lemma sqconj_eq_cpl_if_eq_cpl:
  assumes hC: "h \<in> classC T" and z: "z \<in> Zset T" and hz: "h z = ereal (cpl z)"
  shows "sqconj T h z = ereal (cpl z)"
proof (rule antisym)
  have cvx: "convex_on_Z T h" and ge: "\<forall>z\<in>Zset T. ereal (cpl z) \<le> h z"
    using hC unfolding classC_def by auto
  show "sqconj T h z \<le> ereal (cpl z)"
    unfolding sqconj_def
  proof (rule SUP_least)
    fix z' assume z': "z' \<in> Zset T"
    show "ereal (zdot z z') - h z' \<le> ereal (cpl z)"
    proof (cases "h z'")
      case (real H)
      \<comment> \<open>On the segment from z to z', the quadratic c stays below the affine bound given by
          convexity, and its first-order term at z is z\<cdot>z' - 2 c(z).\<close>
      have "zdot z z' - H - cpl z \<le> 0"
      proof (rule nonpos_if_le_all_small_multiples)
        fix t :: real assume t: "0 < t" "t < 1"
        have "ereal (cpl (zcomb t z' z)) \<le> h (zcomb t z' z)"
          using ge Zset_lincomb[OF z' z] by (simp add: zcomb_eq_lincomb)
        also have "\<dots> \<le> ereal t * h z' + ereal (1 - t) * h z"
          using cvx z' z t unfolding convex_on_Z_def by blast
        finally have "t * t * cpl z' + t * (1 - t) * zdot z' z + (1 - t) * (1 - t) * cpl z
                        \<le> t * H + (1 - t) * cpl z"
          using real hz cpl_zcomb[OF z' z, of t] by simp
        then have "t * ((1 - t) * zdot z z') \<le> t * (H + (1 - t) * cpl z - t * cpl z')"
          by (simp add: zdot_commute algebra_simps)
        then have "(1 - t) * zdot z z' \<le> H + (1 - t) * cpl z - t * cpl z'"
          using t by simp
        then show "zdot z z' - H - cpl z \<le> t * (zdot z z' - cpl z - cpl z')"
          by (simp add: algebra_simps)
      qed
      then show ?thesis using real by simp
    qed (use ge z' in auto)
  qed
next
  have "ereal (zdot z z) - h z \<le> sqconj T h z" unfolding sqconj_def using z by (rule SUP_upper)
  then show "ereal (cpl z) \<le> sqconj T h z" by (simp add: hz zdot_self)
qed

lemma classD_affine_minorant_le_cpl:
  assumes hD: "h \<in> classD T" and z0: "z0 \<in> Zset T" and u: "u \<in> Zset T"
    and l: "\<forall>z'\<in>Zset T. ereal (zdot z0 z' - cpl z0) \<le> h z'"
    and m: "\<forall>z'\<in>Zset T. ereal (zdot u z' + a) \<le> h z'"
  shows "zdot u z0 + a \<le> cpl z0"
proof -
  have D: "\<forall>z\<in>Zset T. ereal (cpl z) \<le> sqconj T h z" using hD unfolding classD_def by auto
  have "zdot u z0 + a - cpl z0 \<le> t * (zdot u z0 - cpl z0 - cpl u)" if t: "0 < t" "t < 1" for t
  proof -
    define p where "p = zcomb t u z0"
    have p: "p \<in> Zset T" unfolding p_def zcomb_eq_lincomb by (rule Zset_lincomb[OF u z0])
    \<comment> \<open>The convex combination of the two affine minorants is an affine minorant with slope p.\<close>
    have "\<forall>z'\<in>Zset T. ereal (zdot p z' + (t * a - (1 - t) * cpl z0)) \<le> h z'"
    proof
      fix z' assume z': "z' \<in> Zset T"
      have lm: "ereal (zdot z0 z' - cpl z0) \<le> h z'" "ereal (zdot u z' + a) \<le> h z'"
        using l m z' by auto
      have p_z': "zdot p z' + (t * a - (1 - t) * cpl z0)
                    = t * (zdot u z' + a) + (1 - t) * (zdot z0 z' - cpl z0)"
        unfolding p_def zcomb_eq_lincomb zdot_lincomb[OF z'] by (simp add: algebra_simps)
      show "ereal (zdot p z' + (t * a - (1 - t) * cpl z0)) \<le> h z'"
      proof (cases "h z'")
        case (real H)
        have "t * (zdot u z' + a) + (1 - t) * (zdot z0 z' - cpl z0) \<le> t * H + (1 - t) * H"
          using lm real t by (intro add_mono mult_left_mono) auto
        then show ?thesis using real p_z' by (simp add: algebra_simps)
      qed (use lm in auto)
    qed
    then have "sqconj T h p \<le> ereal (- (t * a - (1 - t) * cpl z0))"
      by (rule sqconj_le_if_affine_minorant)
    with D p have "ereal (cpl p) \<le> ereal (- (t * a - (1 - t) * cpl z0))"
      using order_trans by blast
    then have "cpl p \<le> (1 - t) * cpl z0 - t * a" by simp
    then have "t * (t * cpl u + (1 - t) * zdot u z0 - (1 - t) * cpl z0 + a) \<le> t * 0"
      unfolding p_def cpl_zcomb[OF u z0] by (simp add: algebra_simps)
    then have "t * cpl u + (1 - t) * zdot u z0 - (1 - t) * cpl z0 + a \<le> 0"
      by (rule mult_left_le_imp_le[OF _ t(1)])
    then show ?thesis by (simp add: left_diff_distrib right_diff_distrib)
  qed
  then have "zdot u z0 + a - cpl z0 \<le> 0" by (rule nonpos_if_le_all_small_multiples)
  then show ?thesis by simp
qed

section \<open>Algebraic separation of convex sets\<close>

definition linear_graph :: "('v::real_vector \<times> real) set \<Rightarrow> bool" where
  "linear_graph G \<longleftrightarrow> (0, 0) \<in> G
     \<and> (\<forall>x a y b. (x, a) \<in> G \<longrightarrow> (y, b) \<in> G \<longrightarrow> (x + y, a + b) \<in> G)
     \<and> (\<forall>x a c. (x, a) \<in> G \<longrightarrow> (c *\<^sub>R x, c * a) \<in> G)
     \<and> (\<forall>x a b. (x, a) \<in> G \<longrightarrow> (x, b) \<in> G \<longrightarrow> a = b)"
────────────────────────────────────────
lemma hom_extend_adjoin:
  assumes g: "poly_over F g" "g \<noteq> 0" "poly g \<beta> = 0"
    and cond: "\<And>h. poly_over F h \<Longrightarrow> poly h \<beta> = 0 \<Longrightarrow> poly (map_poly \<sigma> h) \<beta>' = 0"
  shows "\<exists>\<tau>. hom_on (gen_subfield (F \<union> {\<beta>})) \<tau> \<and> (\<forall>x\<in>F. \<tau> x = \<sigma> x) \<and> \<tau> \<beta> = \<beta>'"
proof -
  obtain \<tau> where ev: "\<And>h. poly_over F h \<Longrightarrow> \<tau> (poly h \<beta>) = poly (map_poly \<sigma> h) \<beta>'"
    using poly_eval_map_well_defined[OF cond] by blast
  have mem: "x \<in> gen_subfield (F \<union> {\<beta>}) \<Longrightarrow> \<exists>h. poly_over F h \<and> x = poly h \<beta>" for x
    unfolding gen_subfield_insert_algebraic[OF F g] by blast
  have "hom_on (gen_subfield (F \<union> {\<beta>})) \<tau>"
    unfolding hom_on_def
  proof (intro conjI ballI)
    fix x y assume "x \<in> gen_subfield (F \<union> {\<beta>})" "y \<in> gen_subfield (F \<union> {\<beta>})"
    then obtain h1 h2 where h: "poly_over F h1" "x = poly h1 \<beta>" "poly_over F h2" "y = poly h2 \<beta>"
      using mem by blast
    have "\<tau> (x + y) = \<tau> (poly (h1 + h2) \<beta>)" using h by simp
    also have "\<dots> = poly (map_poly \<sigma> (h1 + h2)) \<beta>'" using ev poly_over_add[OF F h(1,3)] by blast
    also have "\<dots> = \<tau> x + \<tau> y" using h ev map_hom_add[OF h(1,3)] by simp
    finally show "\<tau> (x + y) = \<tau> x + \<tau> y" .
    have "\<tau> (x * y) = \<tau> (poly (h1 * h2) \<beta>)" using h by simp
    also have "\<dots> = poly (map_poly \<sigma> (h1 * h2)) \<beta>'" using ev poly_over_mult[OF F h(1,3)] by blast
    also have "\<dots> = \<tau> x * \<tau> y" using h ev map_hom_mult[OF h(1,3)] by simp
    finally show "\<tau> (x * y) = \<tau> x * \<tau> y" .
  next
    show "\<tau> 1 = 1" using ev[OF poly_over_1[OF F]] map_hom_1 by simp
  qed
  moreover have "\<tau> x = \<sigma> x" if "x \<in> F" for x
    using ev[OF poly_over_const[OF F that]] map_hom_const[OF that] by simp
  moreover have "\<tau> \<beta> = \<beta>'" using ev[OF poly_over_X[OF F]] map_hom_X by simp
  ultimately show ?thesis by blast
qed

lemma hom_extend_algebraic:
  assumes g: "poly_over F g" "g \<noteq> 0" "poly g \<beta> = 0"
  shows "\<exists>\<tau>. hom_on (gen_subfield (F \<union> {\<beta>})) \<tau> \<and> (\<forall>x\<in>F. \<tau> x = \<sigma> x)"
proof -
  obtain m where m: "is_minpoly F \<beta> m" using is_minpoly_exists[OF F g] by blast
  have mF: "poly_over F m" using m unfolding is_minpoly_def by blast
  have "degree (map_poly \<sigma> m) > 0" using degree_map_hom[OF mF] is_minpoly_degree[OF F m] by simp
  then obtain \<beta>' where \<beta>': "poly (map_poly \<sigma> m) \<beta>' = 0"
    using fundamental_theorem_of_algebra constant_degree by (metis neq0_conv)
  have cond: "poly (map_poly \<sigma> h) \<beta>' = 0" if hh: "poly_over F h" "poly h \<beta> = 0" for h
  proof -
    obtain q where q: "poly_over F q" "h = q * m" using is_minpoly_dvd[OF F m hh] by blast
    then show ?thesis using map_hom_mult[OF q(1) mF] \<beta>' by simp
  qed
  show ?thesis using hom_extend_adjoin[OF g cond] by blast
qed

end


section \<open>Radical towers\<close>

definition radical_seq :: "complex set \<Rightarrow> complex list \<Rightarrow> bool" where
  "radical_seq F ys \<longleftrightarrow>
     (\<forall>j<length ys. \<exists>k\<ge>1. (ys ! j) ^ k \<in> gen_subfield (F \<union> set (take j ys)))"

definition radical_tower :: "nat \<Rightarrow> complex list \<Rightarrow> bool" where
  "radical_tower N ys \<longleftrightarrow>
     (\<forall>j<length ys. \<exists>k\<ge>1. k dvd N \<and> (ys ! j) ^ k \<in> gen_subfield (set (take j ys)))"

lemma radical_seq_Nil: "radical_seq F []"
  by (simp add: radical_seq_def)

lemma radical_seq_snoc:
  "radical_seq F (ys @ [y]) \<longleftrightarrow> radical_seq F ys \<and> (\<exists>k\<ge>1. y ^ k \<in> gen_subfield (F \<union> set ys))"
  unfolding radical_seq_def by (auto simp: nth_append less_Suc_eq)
────────────────────────────────────────
» Try it
Copy out every line from the records that has the word "comment".

» Result of this exercise
      \<comment> \<open>On the segment from z to z', the quadratic c stays below the affine bound given by
    \<comment> \<open>The convex combination of the two affine minorants is an affine minorant with slope p.\<close>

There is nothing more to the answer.